Section 3 To assist educational institutions, foundations, and relevant support organizations in the promotion and development of effective student financial aid programs.
Section 4 To promote such programs and activities as may be desirable or required to fulfill the purpose(s) of the corporation.
No part of the net earnings of the corporation shall inure to the benefit of, or be distributable to its members, trustees, officers, or other private persons, except that the corporation shall be authorized and empowered to pay reasonable compensation for services rendered and to make payments and distributions in furtherance of the purposes set forth in Article Three hereof. No substantial part of the activities of the corporation shall be the carrying on of propaganda, or otherwise attempting to influence legislation, and the corporation shall not participate in, or intervene in (including the publishing or distribution of statements) any political campaign on behalf of or in opposition to any candidate for public office. Notwithstanding any other provision of these articles, the corporation shall not carry on any other activities not permitted to be carried on (a) by a corporation exempt from federal income tax under section 501(3)(c) of the Internal Revenue Code or corresponding section of future federal tax code, or (b) by a corporation, contributions to which are deductible under section 170(c)(2) of the Internal Revenue Code or corresponding section of any future federal tax code.
Upon the dissolution of the corporation, assets shall be distributed for one or more exempt purposes within the meaning of section 501(c)(3) of the Internal Revenue Code, or corresponding future federal tax code, or shall be distributed to the federal government, or to a state or local government, for a public purpose. Any such assets not so disposed of shall be disposed of by the Court of Common Pleas of the county in which the principal office of the corporation is then located, exclusively for the such purposes or to such organization or organizations, as said court shall determine, which are organized and operated exclusively for such purposes.

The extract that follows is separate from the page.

(* Let $\alpha\in(0,\pi/2]$ and consider the system of two nonlinear equations in the unknowns $d$ and $u_1$ \begin{align*} &3(1+\cos\alpha) d^2 + 8\cos\left(\frac{\alpha}{2}\right)d u_1 + 6u_1^2 - 10(1+\alpha\csc\alpha)=0,\\ &4 d^6 - 24 d^4 + 57 d^2 - 12\sec\left(\frac{\alpha}{2}\right) d (d^2-3) u_1 + 9\sec^2\left(\frac{\alpha}{2}\right)u_1^2 + 105\csc^2\left(\frac{\alpha}{2}\right)\left(1-\alpha\csc\alpha\right)=0. \end{align*} Let $p(x)=p_1(\sqrt{x})$, where \begin{align*} p_1(d)&=-32 \sin^6\alpha\, d^{12} +256 \sin^6\alpha\,d^{10} -1184 \sin^6\alpha\,d^{8}\\ &-96 \sin^3\alpha\,(-40 \alpha +9 \sin\alpha +20 \sin2\alpha+7\sin3\alpha -30 \alpha \cos\alpha)\,d^{6}\\ &+96 \sin^3\alpha\,(-160\alpha +99 \sin\alpha +80 \sin2\alpha+7 \sin3\alpha -120\alpha \cos\alpha)\,d^{4}\\ &+13440 (\alpha -\sin\alpha)\sin^5\alpha\, \csc^2\left(\frac{\alpha }{2}\right)\,d^{2} -1800 \left(6\alpha +8\alpha\cos\alpha -2\sin\alpha(3\cos\alpha+4)\right)^2 . \end{align*} Then the number of real solutions $(d,u_1)$ of this system with $d>0$ is the same as the number of positive zeros of $p$.
   Context: Interpolation of $G^2$ data (two points, tangent directions, curvatures) and arc length by Pythagorean-hodograph curves of degree 7, with hodograph $\mathbf{w}^2$ where $\mathbf{w}$ is a complex cubic with Bernstein coefficients $\mathbf{w}_0,\dots,\mathbf{w}_3$, $\mathbf{w}_0 = d\,e^{i\theta_0/2}$, $\mathbf{w}_3=d\,e^{i\theta_1/2}$, $\mathbf{w}_1=u_1+iv_1$, $\mathbf{w}_2=u_2+iv_2$. Data are taken from a circular arc of inner angle $2\alpha$ in canonical position ($\theta_0=-\theta_1=\alpha$, $\kappa_0=\kappa_1=-2\sin\alpha$, $L=\alpha\csc\alpha$), and the symmetric case $u_1=u_2$ (hence $v_2=-v_1$) is considered, which reduces the problem to the system above. Here $\csc=1/\sin$, $\sec=1/\cos$. *)

theory Defs
  imports Complex_Main "HOL-Library.Equipollence"
begin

The corporation shall not authorize or issue shares of stocks, nor obtain any dividends, nor make any loans to its member organizations, members of the Board of Directors, officers, agents, or employees.
Membership & Dues
Section 1 Application for membership in the Association shall be made to the treasurer of the Association for processing as instructed by the Directors/Officers.
Section 2 The fiscal year shall be July 1 to June 30. Membership in the Association is determined by attendance at any one of the past three regular meetings of the Association.
Duties of Officers
Section 1 The president shall preside at all meetings fo the Board of Directors of the Association and perform such other duties as pertain to the office of the president. (S)he shall be a member ex-officio of all committees.
Section 2 The president shall preside at all meetings of the Board of Directors of the Association and perform such other duties as pertain to the office of the president. (S)he shall be a member ex-officio of all committees.
Section 3 The treasurer shall represent the Association in, and be responsible for, the receipt and disbursement of funds in accordance with the directive established by the Directors/Officers. The treasurer shall maintain appropriate and adequate financial records and shall be ready whenever required to give the Directors/Officers all monies and financial records, and shall give the same to the appointed successor upon the termination of the term of office. The treasurer shall submit a duly audited annual financial report to the Association and may be under such bond as determined by the Directors/Officers.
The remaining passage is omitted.